Bei Kaiser + Kraft, dem Anbieter von Betriebseinrichtungen, kann der Käufer nach dem „Enkelfähig Score“ Produkte auswählen. Der Score setzt sich aus fünf Bereichen zusammen und ergibt eine Bewertung zwischen 1,0 und 5,9. Ein solcher Score schafft zusätzliche Transparenz, wobei es im Dschungel der Labels vor allem um das Vertrauen in die Ernsthaftigkeit des Lieferanten geht.

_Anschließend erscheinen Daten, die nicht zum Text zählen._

(* Let $(Q,\rightarrow)$ be a finite transition system, $\mathscr{R}$ a preorder on $Q$ and $\mathscr{P}\subseteq\mathscr{R}$ an equivalence relation with a representative $E.\mathrm{rep}\in E$ fixed for each block $E$ of $\mathscr{P}$. Assume there is no $(\mathscr{P},\mathscr{R})$-splitter transition of type 1, and let $E\rightarrow B$ be a $(\mathscr{P},\mathscr{R})$-splitter transition of type 2. Let $P'=\mathrm{Split}(P_{\mathscr{P}},E\cap\rightarrow^{-1}(B))$. Then $\mathscr{P}_{P'}$ is strictly included in $\mathscr{P}$ and contains every $\mathscr{R}$-block-stable equivalence relation included in $\mathscr{P}$.
   Context: A preorder is a reflexive transitive relation; its blocks are $[q]_{\mathscr{R}}=\{q'\mid q\,\mathscr{R}\,q'\wedge q'\,\mathscr{R}\,q\}$. $\mathscr{R}(X)=\{q'\mid\exists q\in X.\ q\,\mathscr{R}\,q'\}$, $\rightarrow^{-1}(Y)=\{q\mid\exists y\in Y.\ q\rightarrow y\}$; for sets, $X\rightarrow Y$ means some $x\in X,y\in Y$ have $x\rightarrow y$, and $X\,\mathscr{R}\,Y$ means $(X\times Y)\cap\mathscr{R}\neq\emptyset$. $P_{\mathscr{P}}$ is the partition into blocks of $\mathscr{P}$; $\mathscr{P}_P=\bigcup_{E\in P}E\times E$. For a block $E$ of $\mathscr{P}$ and a block $B$ of $\mathscr{R}$, $\mathrm{RelCount}_{(\mathscr{P},\mathscr{R})}(E,B)=|\{E'\in P_{\mathscr{P}}\mid E.\mathrm{rep}\rightarrow E'\wedge B\,\mathscr{R}\,E'\}|$. A $(\mathscr{P},\mathscr{R})$-splitter transition of type 1 is a pair ($E$ block of $\mathscr{P}$, $B$ block of $\mathscr{R}$) with $E\rightarrow B$ and $\mathrm{RelCount}_{(\mathscr{P},\mathscr{R})}(E,B)=0$. A $(\mathscr{P},\mathscr{R})$-splitter transition of type 2 is a pair ($E$, $B$) with $E.\mathrm{rep}\rightarrow B$, $\mathrm{RelCount}_{(\mathscr{P},\mathscr{R})}(E,B)=|\{[b]_{\mathscr{P}}\subseteq B\mid E.\mathrm{rep}\rightarrow b\}|$, and $E\not\subseteq\rightarrow^{-1}(B)$. $\mathrm{Split}(P,M)$ replaces each block $E$ of $P$ with $E\cap M\neq\emptyset$ and $E\not\subseteq M$ by $E\cap M$ and $E\setminus M$. An equivalence relation $\mathscr{P}''\subseteq\mathscr{R}$ is $\mathscr{R}$-block-stable if for all $b,d,d'$ with $d\,\mathscr{P}''\,d'$: $d\in\rightarrow^{-1}(\mathscr{R}(b))\iff d'\in\rightarrow^{-1}(\mathscr{R}(b))$. *)

theory Defs
  imports Main
begin

definition rblock :: "('a \<times> 'a) set \<Rightarrow> 'a \<Rightarrow> 'a set" where
  "rblock R q = {q'. (q, q') \<in> R \<and> (q', q) \<in> R}"

definition rblocks :: "'a set \<Rightarrow> ('a \<times> 'a) set \<Rightarrow> 'a set set" where
  "rblocks Q R = {rblock R q | q. q \<in> Q}"

definition pre :: "('a \<times> 'a) set \<Rightarrow> 'a set \<Rightarrow> 'a set" where
  "pre T Y = {q. \<exists>y\<in>Y. (q, y) \<in> T}"

definition set_trans :: "('a \<times> 'a) set \<Rightarrow> 'a set \<Rightarrow> 'a set \<Rightarrow> bool" where
  "set_trans T X Y \<longleftrightarrow> (\<exists>x\<in>X. \<exists>y\<in>Y. (x, y) \<in> T)"

definition set_rel :: "('a \<times> 'a) set \<Rightarrow> 'a set \<Rightarrow> 'a set \<Rightarrow> bool" where
  "set_rel R X Y \<longleftrightarrow> (X \<times> Y) \<inter> R \<noteq> {}"

definition RelCount :: "'a set \<Rightarrow> ('a \<times> 'a) set \<Rightarrow> ('a \<times> 'a) set \<Rightarrow> ('a \<times> 'a) set
    \<Rightarrow> ('a set \<Rightarrow> 'a) \<Rightarrow> 'a set \<Rightarrow> 'a set \<Rightarrow> nat" where
  "RelCount Q T P R rep E B =
     card {E' \<in> Q // P. set_trans T {rep E} E' \<and> set_rel R B E'}"

definition splitter1 :: "'a set \<Rightarrow> ('a \<times> 'a) set \<Rightarrow> ('a \<times> 'a) set \<Rightarrow> ('a \<times> 'a) set
    \<Rightarrow> ('a set \<Rightarrow> 'a) \<Rightarrow> 'a set \<Rightarrow> 'a set \<Rightarrow> bool" where
  "splitter1 Q T P R rep E B \<longleftrightarrow>
     E \<in> Q // P \<and> B \<in> rblocks Q R \<and> set_trans T E B \<and> RelCount Q T P R rep E B = 0"

definition splitter2 :: "'a set \<Rightarrow> ('a \<times> 'a) set \<Rightarrow> ('a \<times> 'a) set \<Rightarrow> ('a \<times> 'a) set
    \<Rightarrow> ('a set \<Rightarrow> 'a) \<Rightarrow> 'a set \<Rightarrow> 'a set \<Rightarrow> bool" where
  "splitter2 Q T P R rep E B \<longleftrightarrow>
     E \<in> Q // P \<and> B \<in> rblocks Q R \<and> set_trans T {rep E} B \<and>
     RelCount Q T P R rep E B =
       card {P `` {b} | b. b \<in> Q \<and> P `` {b} \<subseteq> B \<and> (rep E, b) \<in> T} \<and>
     \<not> E \<subseteq> pre T B"

definition Split :: "'a set set \<Rightarrow> 'a set \<Rightarrow> 'a set set" where
  "Split Part M =
     {E \<in> Part. E \<inter> M = {} \<or> E \<subseteq> M}
     \<union> {E \<inter> M | E. E \<in> Part \<and> E \<inter> M \<noteq> {} \<and> \<not> E \<subseteq> M}
     \<union> {E - M | E. E \<in> Part \<and> E \<inter> M \<noteq> {} \<and> \<not> E \<subseteq> M}"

Auch der Arbeitsschutzspezialist uvex aus Fürth hat ein Label mit dem Namen „protecting planet“. Je nach „Nachhaltigkeits“-Aspekt wird zum Beispiel auf die Reduktion von CO2 oder einer umweltfreundlichen Verpackung hingewiesen. Wie oben beschrieben, kann dies als Differenzierungsmerkmal genutzt werden.  Zum Beispiel gibt es die Bügelbrille „pheos nxt“ von uvex in der klassischen Variante und in der Version „planet“ wie es das folgende Bild zeigt.

nachhaltige C-Teile
Links: uvex pheos nxt „klassisch“ – Rechts: uvex pheos nxt planet „nachhaltig“

Beispiele von Kissing, Kaiser + Kraft und uvex

Drei Lieferanten zeigen drei verschiedene Ansätze mit „nachhaltigen“ bzw. „umweltfreundlichen“ C-Artikeln umzugehen.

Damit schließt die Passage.